◆ INFORMATION PROVIDED

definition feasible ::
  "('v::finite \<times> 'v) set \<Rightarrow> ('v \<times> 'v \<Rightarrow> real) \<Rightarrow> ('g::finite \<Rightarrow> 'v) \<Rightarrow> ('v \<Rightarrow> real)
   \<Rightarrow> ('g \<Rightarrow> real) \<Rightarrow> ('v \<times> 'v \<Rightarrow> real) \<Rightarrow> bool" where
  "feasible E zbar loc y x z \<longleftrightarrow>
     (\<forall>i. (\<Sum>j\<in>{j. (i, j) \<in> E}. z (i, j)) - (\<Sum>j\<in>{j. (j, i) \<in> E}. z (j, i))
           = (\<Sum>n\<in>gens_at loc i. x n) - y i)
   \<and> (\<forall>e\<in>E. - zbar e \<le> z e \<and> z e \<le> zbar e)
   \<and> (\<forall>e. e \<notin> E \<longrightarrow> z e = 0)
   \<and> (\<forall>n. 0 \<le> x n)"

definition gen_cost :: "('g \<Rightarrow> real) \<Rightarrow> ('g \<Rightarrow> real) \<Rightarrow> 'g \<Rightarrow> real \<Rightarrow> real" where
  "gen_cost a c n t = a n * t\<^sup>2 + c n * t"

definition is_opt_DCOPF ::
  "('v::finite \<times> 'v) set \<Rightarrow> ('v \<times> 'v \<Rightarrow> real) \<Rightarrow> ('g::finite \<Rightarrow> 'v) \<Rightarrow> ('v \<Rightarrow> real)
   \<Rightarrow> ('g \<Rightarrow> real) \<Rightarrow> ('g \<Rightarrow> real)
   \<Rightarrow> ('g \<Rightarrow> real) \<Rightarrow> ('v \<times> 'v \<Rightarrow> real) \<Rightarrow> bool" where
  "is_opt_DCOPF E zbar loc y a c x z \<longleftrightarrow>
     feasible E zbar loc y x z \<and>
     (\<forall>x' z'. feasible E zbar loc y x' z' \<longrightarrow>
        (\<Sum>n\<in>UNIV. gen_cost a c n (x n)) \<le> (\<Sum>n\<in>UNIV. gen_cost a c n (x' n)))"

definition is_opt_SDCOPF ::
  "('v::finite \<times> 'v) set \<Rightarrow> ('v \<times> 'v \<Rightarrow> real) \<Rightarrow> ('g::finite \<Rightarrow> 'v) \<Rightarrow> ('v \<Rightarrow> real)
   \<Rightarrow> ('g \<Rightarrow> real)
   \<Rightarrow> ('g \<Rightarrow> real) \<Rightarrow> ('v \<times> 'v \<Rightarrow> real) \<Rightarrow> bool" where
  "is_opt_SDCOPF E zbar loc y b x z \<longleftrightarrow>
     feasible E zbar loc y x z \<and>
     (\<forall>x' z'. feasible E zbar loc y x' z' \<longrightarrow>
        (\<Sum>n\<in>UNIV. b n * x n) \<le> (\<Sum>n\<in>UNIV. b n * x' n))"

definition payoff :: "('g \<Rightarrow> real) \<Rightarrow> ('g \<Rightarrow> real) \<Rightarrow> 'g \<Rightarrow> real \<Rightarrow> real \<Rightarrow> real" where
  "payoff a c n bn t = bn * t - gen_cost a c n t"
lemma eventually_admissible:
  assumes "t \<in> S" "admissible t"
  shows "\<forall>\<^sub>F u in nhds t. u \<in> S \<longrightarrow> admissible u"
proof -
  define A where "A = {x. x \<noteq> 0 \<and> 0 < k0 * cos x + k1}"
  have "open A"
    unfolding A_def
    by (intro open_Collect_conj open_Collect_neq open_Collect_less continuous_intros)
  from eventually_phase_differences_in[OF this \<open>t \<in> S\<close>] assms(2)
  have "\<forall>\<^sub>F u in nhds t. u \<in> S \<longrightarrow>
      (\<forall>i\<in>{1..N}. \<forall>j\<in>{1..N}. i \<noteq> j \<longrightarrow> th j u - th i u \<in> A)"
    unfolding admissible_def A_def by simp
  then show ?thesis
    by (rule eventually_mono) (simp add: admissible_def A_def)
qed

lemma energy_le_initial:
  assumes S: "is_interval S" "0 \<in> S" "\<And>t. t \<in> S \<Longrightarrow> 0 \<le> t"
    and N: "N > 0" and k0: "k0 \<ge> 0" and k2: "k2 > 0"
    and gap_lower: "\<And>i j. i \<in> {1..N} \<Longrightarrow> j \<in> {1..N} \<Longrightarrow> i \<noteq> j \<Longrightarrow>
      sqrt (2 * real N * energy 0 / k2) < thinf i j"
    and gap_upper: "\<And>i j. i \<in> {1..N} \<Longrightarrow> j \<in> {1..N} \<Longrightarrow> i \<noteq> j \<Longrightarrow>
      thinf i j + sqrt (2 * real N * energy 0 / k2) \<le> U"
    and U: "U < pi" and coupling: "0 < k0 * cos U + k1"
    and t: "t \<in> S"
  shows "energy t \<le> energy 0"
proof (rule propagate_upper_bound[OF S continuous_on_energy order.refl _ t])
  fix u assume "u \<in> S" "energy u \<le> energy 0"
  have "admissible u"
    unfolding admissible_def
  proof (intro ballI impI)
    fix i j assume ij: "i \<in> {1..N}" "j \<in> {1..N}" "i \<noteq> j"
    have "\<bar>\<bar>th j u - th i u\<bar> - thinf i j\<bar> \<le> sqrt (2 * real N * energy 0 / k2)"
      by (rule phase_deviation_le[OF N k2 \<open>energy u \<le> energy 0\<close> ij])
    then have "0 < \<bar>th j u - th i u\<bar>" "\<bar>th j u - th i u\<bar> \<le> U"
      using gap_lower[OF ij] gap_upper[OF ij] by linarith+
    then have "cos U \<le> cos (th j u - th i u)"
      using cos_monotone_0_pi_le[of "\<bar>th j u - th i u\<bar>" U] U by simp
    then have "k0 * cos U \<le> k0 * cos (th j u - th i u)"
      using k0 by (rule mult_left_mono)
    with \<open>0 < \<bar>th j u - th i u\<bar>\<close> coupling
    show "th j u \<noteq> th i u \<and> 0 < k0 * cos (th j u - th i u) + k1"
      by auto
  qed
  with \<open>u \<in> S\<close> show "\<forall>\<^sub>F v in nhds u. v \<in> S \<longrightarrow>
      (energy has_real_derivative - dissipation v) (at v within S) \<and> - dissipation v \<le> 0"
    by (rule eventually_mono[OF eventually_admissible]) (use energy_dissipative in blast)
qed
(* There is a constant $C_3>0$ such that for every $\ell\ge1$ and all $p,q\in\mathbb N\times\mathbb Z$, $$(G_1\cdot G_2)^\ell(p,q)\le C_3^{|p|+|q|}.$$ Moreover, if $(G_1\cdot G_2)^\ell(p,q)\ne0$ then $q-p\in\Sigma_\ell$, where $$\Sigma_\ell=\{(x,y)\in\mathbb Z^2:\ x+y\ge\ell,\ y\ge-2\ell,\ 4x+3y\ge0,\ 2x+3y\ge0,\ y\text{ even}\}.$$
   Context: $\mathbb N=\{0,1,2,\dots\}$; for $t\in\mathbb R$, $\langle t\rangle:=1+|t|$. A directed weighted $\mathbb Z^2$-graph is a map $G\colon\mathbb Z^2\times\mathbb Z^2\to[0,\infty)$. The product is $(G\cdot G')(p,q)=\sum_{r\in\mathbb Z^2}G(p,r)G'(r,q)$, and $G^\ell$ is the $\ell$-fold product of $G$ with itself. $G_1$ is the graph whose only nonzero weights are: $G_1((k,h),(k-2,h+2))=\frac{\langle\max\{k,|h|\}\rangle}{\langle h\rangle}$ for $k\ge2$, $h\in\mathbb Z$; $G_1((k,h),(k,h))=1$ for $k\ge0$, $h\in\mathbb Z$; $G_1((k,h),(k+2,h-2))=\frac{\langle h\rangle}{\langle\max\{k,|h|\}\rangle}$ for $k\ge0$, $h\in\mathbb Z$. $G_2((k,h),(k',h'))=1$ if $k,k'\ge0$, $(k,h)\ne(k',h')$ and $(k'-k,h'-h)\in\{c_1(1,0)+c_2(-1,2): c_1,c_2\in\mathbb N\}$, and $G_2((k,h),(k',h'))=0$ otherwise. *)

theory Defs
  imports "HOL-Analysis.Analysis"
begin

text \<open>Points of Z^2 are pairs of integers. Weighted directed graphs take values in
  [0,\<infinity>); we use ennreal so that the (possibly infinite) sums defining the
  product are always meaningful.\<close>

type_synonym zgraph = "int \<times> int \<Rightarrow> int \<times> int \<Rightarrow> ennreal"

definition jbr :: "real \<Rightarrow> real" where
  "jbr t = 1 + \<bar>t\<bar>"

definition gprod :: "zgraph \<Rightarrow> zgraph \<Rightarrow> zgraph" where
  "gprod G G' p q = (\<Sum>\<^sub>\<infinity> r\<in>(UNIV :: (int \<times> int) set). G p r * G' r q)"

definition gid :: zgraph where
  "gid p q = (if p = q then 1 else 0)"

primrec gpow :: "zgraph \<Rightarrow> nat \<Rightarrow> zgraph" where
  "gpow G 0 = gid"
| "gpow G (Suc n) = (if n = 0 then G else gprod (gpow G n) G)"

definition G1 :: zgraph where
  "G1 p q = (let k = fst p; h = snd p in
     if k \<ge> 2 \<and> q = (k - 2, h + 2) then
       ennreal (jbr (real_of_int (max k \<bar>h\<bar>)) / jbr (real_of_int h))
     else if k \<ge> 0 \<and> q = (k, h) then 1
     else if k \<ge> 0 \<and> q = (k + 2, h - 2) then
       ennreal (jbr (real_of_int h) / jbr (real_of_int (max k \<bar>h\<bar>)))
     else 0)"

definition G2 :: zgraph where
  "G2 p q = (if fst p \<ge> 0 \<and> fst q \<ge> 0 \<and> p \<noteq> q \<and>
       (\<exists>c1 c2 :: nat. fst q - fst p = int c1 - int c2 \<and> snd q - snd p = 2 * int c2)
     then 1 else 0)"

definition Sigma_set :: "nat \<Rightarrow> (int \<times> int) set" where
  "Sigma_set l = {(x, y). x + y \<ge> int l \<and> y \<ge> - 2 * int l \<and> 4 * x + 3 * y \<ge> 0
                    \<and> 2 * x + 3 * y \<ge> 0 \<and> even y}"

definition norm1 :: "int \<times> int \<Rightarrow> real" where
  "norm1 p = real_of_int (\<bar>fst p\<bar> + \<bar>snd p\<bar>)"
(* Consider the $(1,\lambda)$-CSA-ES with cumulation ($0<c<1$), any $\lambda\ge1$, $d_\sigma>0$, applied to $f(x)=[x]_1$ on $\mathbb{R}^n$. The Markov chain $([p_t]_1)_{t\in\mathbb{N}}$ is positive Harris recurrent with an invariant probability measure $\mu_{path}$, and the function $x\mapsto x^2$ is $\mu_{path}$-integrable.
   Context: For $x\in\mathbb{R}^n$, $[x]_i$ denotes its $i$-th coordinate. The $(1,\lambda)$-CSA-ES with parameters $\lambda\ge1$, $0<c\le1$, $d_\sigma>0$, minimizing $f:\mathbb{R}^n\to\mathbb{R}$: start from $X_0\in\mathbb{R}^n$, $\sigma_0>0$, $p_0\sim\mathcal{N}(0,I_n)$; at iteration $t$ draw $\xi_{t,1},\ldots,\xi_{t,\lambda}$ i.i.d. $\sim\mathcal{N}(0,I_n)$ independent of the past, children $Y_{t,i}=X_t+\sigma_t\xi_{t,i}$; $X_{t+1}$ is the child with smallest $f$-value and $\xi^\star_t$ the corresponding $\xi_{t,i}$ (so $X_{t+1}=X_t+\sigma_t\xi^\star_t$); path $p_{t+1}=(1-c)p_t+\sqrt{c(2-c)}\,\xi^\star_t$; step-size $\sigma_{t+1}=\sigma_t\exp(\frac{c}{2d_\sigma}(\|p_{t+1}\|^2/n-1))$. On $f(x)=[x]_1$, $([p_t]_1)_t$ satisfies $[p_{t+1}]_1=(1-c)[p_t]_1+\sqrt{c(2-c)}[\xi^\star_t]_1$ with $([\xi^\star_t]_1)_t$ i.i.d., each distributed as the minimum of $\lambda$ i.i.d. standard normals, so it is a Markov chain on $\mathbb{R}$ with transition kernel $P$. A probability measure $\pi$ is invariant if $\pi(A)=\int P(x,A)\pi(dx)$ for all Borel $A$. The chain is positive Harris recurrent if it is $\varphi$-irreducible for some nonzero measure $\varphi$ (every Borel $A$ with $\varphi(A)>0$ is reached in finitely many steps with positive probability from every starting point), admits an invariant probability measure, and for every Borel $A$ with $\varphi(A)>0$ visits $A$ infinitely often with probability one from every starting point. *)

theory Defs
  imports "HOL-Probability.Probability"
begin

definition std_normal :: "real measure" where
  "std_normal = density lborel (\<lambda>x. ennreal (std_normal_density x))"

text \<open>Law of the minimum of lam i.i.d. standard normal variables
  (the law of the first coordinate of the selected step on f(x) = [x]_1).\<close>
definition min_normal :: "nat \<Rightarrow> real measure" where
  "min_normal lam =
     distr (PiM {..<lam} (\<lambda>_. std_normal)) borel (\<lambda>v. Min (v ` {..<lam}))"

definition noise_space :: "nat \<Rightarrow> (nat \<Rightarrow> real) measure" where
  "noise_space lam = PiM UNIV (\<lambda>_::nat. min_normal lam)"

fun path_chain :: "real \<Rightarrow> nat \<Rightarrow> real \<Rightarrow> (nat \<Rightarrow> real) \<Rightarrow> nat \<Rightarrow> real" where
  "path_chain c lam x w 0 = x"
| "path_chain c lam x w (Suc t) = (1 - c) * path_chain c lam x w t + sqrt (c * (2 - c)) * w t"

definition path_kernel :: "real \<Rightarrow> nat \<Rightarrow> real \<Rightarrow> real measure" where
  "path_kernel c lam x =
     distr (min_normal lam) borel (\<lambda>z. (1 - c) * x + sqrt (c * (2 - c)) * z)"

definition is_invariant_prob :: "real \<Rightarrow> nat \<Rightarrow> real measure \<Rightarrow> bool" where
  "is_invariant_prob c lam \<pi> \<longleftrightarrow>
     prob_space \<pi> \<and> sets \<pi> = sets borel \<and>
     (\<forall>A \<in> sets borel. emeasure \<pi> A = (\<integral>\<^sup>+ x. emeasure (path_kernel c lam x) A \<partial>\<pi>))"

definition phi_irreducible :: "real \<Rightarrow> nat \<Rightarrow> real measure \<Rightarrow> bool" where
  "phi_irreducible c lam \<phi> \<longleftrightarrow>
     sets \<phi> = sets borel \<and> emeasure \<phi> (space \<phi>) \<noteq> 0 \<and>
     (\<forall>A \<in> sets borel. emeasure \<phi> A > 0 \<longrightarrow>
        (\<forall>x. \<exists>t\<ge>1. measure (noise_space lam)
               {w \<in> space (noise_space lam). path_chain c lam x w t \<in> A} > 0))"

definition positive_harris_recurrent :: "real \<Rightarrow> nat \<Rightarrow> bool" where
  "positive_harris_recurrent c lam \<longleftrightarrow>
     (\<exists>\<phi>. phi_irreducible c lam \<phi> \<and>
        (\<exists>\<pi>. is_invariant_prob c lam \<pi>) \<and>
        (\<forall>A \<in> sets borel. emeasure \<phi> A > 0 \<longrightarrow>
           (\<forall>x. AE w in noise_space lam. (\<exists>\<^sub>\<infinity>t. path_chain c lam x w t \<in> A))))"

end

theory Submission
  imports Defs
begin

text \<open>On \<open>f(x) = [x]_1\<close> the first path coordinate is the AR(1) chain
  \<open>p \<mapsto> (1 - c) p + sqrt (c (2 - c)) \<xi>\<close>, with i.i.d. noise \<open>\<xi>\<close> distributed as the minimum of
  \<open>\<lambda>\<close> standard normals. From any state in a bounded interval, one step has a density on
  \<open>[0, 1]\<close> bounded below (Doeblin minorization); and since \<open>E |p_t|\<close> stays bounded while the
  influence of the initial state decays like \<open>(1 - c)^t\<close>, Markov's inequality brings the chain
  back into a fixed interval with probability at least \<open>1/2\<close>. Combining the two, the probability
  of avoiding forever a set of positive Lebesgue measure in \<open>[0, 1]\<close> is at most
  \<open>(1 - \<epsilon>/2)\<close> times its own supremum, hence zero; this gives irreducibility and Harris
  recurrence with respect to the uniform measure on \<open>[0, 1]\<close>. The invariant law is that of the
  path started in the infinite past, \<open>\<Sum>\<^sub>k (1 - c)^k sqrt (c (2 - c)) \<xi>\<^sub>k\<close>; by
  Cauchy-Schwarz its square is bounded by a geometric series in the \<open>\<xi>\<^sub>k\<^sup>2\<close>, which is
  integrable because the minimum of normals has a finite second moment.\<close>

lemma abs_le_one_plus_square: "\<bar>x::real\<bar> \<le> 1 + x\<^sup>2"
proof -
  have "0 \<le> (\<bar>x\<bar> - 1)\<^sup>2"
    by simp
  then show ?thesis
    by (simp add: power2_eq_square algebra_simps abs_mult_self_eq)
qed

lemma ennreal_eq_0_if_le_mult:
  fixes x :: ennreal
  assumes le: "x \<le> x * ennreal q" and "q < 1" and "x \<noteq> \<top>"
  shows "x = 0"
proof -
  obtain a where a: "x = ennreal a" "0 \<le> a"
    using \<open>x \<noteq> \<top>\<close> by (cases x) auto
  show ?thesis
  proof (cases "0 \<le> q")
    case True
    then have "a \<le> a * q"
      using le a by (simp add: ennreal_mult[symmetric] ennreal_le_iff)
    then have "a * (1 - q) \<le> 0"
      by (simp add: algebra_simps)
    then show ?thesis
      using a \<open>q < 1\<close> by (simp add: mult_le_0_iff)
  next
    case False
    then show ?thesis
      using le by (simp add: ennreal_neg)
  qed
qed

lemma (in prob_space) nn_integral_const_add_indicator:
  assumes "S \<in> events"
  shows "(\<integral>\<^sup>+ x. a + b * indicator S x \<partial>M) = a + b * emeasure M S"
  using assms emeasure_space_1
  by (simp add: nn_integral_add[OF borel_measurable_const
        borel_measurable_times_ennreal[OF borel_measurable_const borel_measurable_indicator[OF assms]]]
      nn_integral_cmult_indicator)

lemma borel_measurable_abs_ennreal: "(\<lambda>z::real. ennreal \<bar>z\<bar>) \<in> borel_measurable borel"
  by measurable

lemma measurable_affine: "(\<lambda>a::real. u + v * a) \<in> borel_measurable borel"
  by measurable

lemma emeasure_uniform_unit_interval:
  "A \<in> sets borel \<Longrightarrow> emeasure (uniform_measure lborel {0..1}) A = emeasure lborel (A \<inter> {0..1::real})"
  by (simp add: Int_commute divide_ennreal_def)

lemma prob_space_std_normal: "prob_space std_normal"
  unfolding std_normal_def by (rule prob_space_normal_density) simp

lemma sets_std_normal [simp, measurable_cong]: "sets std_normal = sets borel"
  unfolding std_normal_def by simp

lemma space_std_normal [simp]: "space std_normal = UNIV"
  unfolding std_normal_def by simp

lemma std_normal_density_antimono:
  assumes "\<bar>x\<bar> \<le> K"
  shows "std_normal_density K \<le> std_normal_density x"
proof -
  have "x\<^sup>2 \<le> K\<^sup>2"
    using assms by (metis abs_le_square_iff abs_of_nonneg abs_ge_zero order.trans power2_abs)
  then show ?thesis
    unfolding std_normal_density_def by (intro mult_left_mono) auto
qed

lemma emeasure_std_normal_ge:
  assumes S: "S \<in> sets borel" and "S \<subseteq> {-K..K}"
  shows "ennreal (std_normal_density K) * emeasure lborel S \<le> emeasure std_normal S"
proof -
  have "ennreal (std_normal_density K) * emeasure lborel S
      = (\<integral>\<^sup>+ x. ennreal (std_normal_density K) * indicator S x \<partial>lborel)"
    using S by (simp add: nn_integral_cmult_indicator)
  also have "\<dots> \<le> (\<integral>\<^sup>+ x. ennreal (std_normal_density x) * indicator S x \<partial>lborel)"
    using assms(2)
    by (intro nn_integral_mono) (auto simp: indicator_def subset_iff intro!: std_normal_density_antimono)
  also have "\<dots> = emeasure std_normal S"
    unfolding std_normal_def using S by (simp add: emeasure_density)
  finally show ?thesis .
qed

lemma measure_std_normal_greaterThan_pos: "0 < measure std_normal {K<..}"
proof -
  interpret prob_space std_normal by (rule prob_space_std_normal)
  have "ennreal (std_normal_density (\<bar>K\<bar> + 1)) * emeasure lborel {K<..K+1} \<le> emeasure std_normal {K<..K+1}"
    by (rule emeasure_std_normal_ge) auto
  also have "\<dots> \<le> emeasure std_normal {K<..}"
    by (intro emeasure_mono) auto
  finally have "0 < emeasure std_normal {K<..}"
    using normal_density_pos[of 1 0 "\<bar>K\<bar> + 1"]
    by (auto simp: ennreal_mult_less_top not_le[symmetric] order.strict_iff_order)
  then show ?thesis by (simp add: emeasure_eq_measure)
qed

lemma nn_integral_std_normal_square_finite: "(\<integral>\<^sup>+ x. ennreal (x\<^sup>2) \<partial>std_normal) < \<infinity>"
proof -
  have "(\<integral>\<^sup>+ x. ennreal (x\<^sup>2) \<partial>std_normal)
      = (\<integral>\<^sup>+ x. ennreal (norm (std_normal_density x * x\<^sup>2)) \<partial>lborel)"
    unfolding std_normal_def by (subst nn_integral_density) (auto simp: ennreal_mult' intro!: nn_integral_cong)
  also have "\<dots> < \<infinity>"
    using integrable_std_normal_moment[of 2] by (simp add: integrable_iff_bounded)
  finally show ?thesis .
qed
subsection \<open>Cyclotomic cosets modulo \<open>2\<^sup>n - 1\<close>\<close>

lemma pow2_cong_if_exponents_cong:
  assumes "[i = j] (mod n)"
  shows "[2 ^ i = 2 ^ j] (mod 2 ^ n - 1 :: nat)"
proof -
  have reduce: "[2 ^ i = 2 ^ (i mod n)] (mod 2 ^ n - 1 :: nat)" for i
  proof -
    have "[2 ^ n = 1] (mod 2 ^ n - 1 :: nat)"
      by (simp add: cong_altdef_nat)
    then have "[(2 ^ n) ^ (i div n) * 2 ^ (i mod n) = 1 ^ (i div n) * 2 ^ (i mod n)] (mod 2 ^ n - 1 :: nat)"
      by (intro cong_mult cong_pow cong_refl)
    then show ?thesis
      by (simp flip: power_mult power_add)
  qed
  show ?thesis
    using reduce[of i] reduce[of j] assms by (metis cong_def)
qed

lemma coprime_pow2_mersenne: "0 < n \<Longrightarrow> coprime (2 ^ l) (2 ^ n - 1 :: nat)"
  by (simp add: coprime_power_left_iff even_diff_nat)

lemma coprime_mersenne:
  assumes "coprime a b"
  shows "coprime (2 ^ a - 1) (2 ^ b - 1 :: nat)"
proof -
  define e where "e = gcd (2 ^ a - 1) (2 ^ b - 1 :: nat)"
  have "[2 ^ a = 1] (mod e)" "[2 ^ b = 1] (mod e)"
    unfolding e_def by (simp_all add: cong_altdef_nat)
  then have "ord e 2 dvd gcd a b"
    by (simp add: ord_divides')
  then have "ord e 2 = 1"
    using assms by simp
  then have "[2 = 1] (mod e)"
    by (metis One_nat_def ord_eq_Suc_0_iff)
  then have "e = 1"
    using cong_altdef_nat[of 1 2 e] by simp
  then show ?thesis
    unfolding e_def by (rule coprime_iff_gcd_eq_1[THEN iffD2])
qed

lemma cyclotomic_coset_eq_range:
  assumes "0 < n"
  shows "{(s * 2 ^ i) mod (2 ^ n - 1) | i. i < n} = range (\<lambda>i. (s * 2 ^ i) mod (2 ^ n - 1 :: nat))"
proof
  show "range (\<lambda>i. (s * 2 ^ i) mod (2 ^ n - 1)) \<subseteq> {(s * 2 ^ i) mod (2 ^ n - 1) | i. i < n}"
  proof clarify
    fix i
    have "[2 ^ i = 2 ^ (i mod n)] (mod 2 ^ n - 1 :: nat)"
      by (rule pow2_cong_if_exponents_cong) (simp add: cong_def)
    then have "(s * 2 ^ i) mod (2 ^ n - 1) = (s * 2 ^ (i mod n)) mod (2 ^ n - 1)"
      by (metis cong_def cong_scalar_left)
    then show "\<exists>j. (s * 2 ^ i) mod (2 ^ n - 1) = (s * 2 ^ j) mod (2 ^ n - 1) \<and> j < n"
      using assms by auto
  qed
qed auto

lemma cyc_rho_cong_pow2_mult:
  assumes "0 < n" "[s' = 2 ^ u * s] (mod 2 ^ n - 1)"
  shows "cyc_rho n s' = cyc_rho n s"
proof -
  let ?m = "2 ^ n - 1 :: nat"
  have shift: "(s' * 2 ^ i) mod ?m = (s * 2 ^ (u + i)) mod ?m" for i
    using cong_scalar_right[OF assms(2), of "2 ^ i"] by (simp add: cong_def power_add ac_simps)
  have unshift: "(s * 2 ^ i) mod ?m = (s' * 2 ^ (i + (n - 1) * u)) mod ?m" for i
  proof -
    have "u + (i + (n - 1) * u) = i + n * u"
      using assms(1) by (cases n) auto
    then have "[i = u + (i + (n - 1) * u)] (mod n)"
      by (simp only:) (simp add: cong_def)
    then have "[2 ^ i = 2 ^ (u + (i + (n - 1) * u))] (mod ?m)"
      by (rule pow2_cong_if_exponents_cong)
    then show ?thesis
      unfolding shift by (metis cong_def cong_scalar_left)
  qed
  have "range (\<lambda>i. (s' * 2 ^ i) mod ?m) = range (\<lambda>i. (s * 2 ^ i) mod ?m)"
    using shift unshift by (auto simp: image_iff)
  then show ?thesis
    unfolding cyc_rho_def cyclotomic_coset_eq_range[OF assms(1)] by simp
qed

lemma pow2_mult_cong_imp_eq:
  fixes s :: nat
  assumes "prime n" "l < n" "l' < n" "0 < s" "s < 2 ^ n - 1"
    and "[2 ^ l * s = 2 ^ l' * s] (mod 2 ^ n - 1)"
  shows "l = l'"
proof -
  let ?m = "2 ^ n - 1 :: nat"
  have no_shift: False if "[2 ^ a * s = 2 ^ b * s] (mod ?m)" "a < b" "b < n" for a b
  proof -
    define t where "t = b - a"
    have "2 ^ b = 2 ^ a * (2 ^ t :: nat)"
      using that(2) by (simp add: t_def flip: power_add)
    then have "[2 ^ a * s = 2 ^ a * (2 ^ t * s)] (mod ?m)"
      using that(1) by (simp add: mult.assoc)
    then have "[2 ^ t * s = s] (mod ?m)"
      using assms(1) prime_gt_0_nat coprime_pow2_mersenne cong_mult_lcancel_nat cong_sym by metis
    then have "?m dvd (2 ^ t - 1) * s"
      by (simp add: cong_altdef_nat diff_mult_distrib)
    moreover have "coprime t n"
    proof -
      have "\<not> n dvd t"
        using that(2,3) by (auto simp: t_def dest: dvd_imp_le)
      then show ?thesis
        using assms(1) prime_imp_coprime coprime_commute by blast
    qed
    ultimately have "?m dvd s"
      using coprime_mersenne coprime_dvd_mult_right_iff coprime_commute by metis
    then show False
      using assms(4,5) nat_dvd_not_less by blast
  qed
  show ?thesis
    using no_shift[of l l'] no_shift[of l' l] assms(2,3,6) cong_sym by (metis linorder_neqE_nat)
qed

◆ TASK STATEMENT
What you return must be the lines above that run from the line with "ennreal \<bar>z\<bar>) \<in>" to the line with "K \<le> std_normal_density", inclusive, each copied exactly.

◆ ANSWER TO THIS TASK
lemma borel_measurable_abs_ennreal: "(\<lambda>z::real. ennreal \<bar>z\<bar>) \<in> borel_measurable borel"
  by measurable

lemma measurable_affine: "(\<lambda>a::real. u + v * a) \<in> borel_measurable borel"
  by measurable

lemma emeasure_uniform_unit_interval:
  "A \<in> sets borel \<Longrightarrow> emeasure (uniform_measure lborel {0..1}) A = emeasure lborel (A \<inter> {0..1::real})"
  by (simp add: Int_commute divide_ennreal_def)

lemma prob_space_std_normal: "prob_space std_normal"
  unfolding std_normal_def by (rule prob_space_normal_density) simp

lemma sets_std_normal [simp, measurable_cong]: "sets std_normal = sets borel"
  unfolding std_normal_def by simp

lemma space_std_normal [simp]: "space std_normal = UNIV"
  unfolding std_normal_def by simp

lemma std_normal_density_antimono:
  assumes "\<bar>x\<bar> \<le> K"
  shows "std_normal_density K \<le> std_normal_density x"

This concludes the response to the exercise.